Amazon.com’s policy of allowing authors to self-publish has made available excellent books of both fiction and non-fiction that might otherwise have never survived the brick-and-mortar publishing house process. Some of these books have even been picked up by established publishing houses, creating further opportunities for the authors. However, this revolution has also given rise to a plethora of less-than-stellar published works. Some of them are simply first efforts that have a good chance of becoming better, while others are hastily created works of garbage that deserve every bad review they get. They are the literary equivalent of the “bad” singers who audition for American Idol.
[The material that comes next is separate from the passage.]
(* Let $G=(\Sigma,S,s_0,\delta)$ be a regular commutative grammar, let $n\in\mathbb{N}$, and let $D$ be a run of $G$ such that $\|D\|>1+n|\delta|$. Then $D=D_1+nC$, where $D_1$ is a run of $G$, $C$ is a simple cycle, and $\mathrm{supp}(D_1)=\mathrm{supp}(D)$.
   Context: For $v\in\mathbb{N}^X$, $|v|=\sum_x v(x)$ and $\|v\|=\max_x v(x)$. A commutative grammar is $G=(\Sigma,S,s_0,\delta)$ with finite alphabet $\Sigma$, finite state set $S$, $s_0\in S$, and a finite set $\delta\subseteq S\times\mathbb{N}^\Sigma\times\mathbb{N}^S$ of transitions $\tau=(s,a,t)$ ($\mathrm{source}(\tau)=s$, $\mathrm{out}(\tau)=a$, $\mathrm{target}(\tau)=t$); every state is the source of some transition, and every transition has $|a|\le1$, $|t|\le2$. It is regular if $|t|\le1$ for all transitions. For $D\in\mathbb{N}^\delta$ let $\mathrm{source}(D)(s)=\sum_{\mathrm{source}(\tau)=s}D(\tau)$, $\mathrm{target}(D)=\sum_\tau D(\tau)\mathrm{target}(\tau)$, $\mathrm{supp}(D)=\{s:\mathrm{source}(D)(s)>0\}$. $D$ is connected from $s$ if every $t\in\mathrm{supp}(D)$ equals $s$ or is reachable by transitions $\tau_1,\ldots,\tau_m$ with $D(\tau_i)>0$, $\mathrm{source}(\tau_1)=s$, $\mathrm{source}(\tau_{i+1})\in\mathrm{target}(\tau_i)$, $t\in\mathrm{target}(\tau_m)$. $D$ is a cycle from $s$ if it is connected from $s$ and $\mathrm{source}(D)=\mathrm{target}(D)$; a cycle is a cycle from some state. $D$ is a run if it is connected from $s_0$ and $\mathrm{source}(D)=\mathrm{target}(D)+\{s_0\}$. A simple cycle is a nonzero cycle that cannot be written as a sum of smaller nonzero cycles. *)

theory Defs
  imports Main
begin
One could argue that self-published books have been put together in the heat of the moment. Author/blogger, T.S. Paul, wrote, “I just pressed the publish button. That book should be along in a minute.”  It should be pointed out – in all fairness – that Paul is a good writer. His stories move along at a decent clip, the characters are well developed, the “ordinary” days highlight fun moments in the characters’ lives, and the action scenes are cogent to the plot.

However, the speediness of getting his books finished might hurt the overall experience in reading them because of errors. The reader encounters phrases such as “She just freaked out,” or “Tom and Jerry meet up,” or a personal favorite for that finger-nails-on-the-blackboard feeling, “He or she was looking to.” It makes a reader want to send the writer a link to thesaurus.com.

Too picky? Perhaps. But the great authors who write well don’t make those kinds of mistakes often. And to be taken professionally, one should make an effort to write professionally.

Where should the line be drawn?

Not so many years ago there was a call for legal documents to be written in “plain English” so that those who are not cognizant of the meaning of certain Latin phrases would be able to understand the intent of the document. People would get lost in legalese because of phrases like “party of the first part” and “party of the second part” scattered among the “whereas” and “fore to” references. Or they would be confounded by the differences implied by similarly written terms such as “ad hoc” or “ad hominem.”

Language is intended to convey meaning. If people do not understand the point of what is written, by definition that makes it pointless. When blatant errors plague writing, it makes the manuscript harder to read. Too many errors and it becomes like reading legalese.

For that reason, it is important for students to learn the standard spelling of words and the accepted ways to punctuate and construct sentences. It is not difficult to understand the need for this by using the classic example of the need for correct comma placement: “Let’s eat Grandma,” vs. “Let’s eat, Grandma.” The first sentence implies cannibalism, while the second invites the grandmother to lunch.

When one is seeking to appear well-versed in rhetoric or the art of communication, they should avoid many of these easy-to-avoid mistakes. It takes a bit more time, but the payoff is worth the extra effort.